**WHAT THIS TASK INVOLVES:**
Identify the lines in the data below that contain "forall" and give only how many there are.

'''

definition unitary_part :: "nat \<Rightarrow> nat set \<Rightarrow> nat" where
  "unitary_part n V = (\<Prod>p\<in>V. prime_power_part n p)"

definition unitary_support :: "nat \<Rightarrow> nat \<Rightarrow> nat set" where
  "unitary_support n j = {p \<in> prime_factors n. prime_power_part n p dvd j}"

lemma coprime_prime_power_part:
  assumes "p \<in> prime_factors n" "q \<in> prime_factors n" "p \<noteq> q"
  shows "coprime (prime_power_part n p) (prime_power_part n q)"
  using assms by (simp add: prime_power_part_def primes_coprime in_prime_factors_iff)

lemma prime_power_part_gt_1:
  assumes "p \<in> prime_factors n"
  shows "prime_power_part n p > 1"
  using assms unfolding prime_power_part_def
  by (intro one_less_power) (auto simp: prime_gt_Suc_0_nat prime_factors_multiplicity)

lemma unitary_part_pos:
  assumes "V \<subseteq> prime_factors n"
  shows "unitary_part n V > 0"
  using assms prime_power_part_gt_1 unfolding unitary_part_def
  by (intro prod_pos) fastforce

lemma unitary_part_dvd_iff:
  assumes "V \<subseteq> prime_factors n"
  shows "unitary_part n V dvd j \<longleftrightarrow> (\<forall>p\<in>V. prime_power_part n p dvd j)"
proof -
  have "finite V"
    using assms finite_subset by blast
  then show ?thesis
    using assms
  proof (induction V rule: finite_induct)
    case empty
    then show ?case by (simp add: unitary_part_def)
  next
    case (insert p V)
    then have "coprime (prime_power_part n p) (unitary_part n V)"
      unfolding unitary_part_def by (intro prod_coprime_right coprime_prime_power_part) auto
    moreover have "unitary_part n (insert p V) = prime_power_part n p * unitary_part n V"
      using insert by (simp add: unitary_part_def)
    ultimately show ?case
      using insert by (auto intro: divides_mult dvd_mult_left dvd_mult_right)
  qed
qed

lemma unitary_part_mult_complement:
  assumes "n > 0" "V \<subseteq> prime_factors n"
  shows "unitary_part n V * unitary_part n (prime_factors n - V) = n"
proof -
  have "unitary_part n (prime_factors n) = n"
    using assms(1) prime_factorization_nat by (simp add: unitary_part_def prime_power_part_def)
  moreover have "unitary_part n (prime_factors n) = unitary_part n (prime_factors n - V) * unitary_part n V"
    unfolding unitary_part_def using assms by (intro prod.subset_diff) auto
  ultimately show ?thesis
    by (simp add: mult.commute)
qed

lemma unitary_part_eq_1_iff:
  assumes "V \<subseteq> prime_factors n"
  shows "unitary_part n V = 1 \<longleftrightarrow> V = {}"
proof
  assume "unitary_part n V = 1"
  moreover have "finite V"
    using assms finite_subset by blast
  ultimately have "\<forall>p\<in>V. prime_power_part n p = 1"
    unfolding unitary_part_def using prod_eq_1_iff by metis
  then show "V = {}"
    using assms prime_power_part_gt_1 by fastforce
qed (simp add: unitary_part_def)

lemma unitary_dvd_unitary_part:
  assumes "n > 0" "V \<subseteq> prime_factors n"
  shows "unitary_dvd (unitary_part n V) n"
proof -
  have "n div unitary_part n V = unitary_part n (prime_factors n - V)"
    using unitary_part_mult_complement[OF assms] unitary_part_pos[OF assms(2)]
    by (metis nonzero_mult_div_cancel_left not_gr0)
  moreover have "coprime (unitary_part n V) (unitary_part n (prime_factors n - V))"
    unfolding unitary_part_def using assms(2)
    by (intro prod_coprime_left prod_coprime_right coprime_prime_power_part) auto
  ultimately show ?thesis
    unfolding unitary_dvd_def using unitary_part_mult_complement[OF assms] by (metis dvd_triv_left)
qed

lemma multiplicity_unitary_dvd:
  assumes "unitary_dvd d n" "n > 0" "prime p" "p dvd d"
  shows "multiplicity p d = multiplicity p n"
proof -
  have d: "d dvd n" "coprime d (n div d)"
    using assms(1) by (auto simp: unitary_dvd_def)
  then have "d \<noteq> 0" "n div d \<noteq> 0"
    using assms(2) by auto
  have "\<not> p dvd n div d"
    using coprime_common_divisor[OF d(2) assms(4)] assms(3) not_prime_unit by blast
  then have "multiplicity p (n div d) = 0"
    by (rule not_dvd_imp_multiplicity_0)
  moreover have "multiplicity p n = multiplicity p d + multiplicity p (n div d)"
    using prime_elem_multiplicity_mult_distrib[of p d "n div d"] assms(3) \<open>d \<noteq> 0\<close> \<open>n div d \<noteq> 0\<close> d(1)
    by simp
  ultimately show ?thesis
    by simp
qed

lemma unitary_dvd_eq_unitary_part:
  assumes "unitary_dvd d n" "n > 0"
  shows "d = unitary_part n (prime_factors d)"
proof -
  have "d > 0"
    using assms by (auto simp: unitary_dvd_def intro: Nat.gr0I)
  then have "d = (\<Prod>p\<in>prime_factors d. p ^ multiplicity p d)"
    using prime_factorization_nat by blast
  also have "\<dots> = unitary_part n (prime_factors d)"
    unfolding unitary_part_def prime_power_part_def
    using multiplicity_unitary_dvd[OF assms] by (intro prod.cong) (auto simp: in_prime_factors_iff)
  finally show ?thesis .
qed

lemma unitary_gcd_eq_unitary_part:
  assumes "n > 0"
  shows "unitary_gcd j n = unitary_part n (unitary_support n j)"
proof -
  define G where "G = unitary_part n (unitary_support n j)"
  define A where "A = {d. d dvd j \<and> unitary_dvd d n}"
  have V: "unitary_support n j \<subseteq> prime_factors n"
    by (auto simp: unitary_support_def)
  have "G \<in> A"
    using unitary_dvd_unitary_part[OF assms V] unitary_part_dvd_iff[OF V]
    by (auto simp: A_def G_def unitary_support_def)
  moreover have "d \<le> G" if "d \<in> A" for d
  proof -
    have d: "d dvd j" "unitary_dvd d n"
      using that by (auto simp: A_def)
    then have dn: "d dvd n"
      by (simp add: unitary_dvd_def)
    have "prime_power_part n p dvd j" if "p \<in> prime_factors d" for p
      using multiplicity_unitary_dvd[OF d(2) assms, of p] that multiplicity_dvd[of p d] d(1)
      by (auto simp: prime_power_part_def in_prime_factors_iff intro: dvd_trans)
    then have "prime_factors d \<subseteq> unitary_support n j"
      using dvd_prime_factors[OF _ dn] assms by (auto simp: unitary_support_def)
    then have "unitary_part n (prime_factors d) dvd G"
      unfolding G_def unitary_part_def using V
      by (intro prod_dvd_prod_subset) (auto intro: finite_subset)
    then show ?thesis
      using unitary_dvd_eq_unitary_part[OF d(2) assms] unitary_part_pos[OF V]
      by (auto simp: G_def intro: dvd_imp_le)
  qed
  moreover have "finite A"
    using assms by (intro finite_subset[of A "{..n}"]) (auto simp: A_def unitary_dvd_def intro: dvd_imp_le)
  ultimately show ?thesis
    unfolding unitary_gcd_def A_def[symmetric] G_def[symmetric] by (intro Max_eqI)
qed

lemma unitary_gcd_eq_1_iff:
  assumes "n > 0"
  shows "unitary_gcd j n = 1 \<longleftrightarrow> unitary_support n j = {}"
  using unitary_gcd_eq_unitary_part[OF assms] unitary_part_eq_1_iff
  by (simp add: unitary_support_def)

section \<open>Roots of unity\<close>

lemma bij_betw_roots_unity_atLeastAtMost:
  assumes "m > 0"
  shows "bij_betw (\<lambda>k. cis (2 * pi * real k / real m)) {1..m} {z. z ^ m = 1}"
proof -
  have "bij_betw (\<lambda>k. if k = m then 0 else k) {1..m} {..<m}"
    by (rule bij_betw_byWitness[where f' = "\<lambda>k. if k = 0 then m else k"]) (use assms in auto)
  from bij_betw_trans[OF this Complex.bij_betw_roots_unity[OF assms]] show ?thesis
    by (rule bij_betw_cong[THEN iffD1, rotated]) (use assms in simp)
qed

'''

**EXPECTED ANSWER:**
2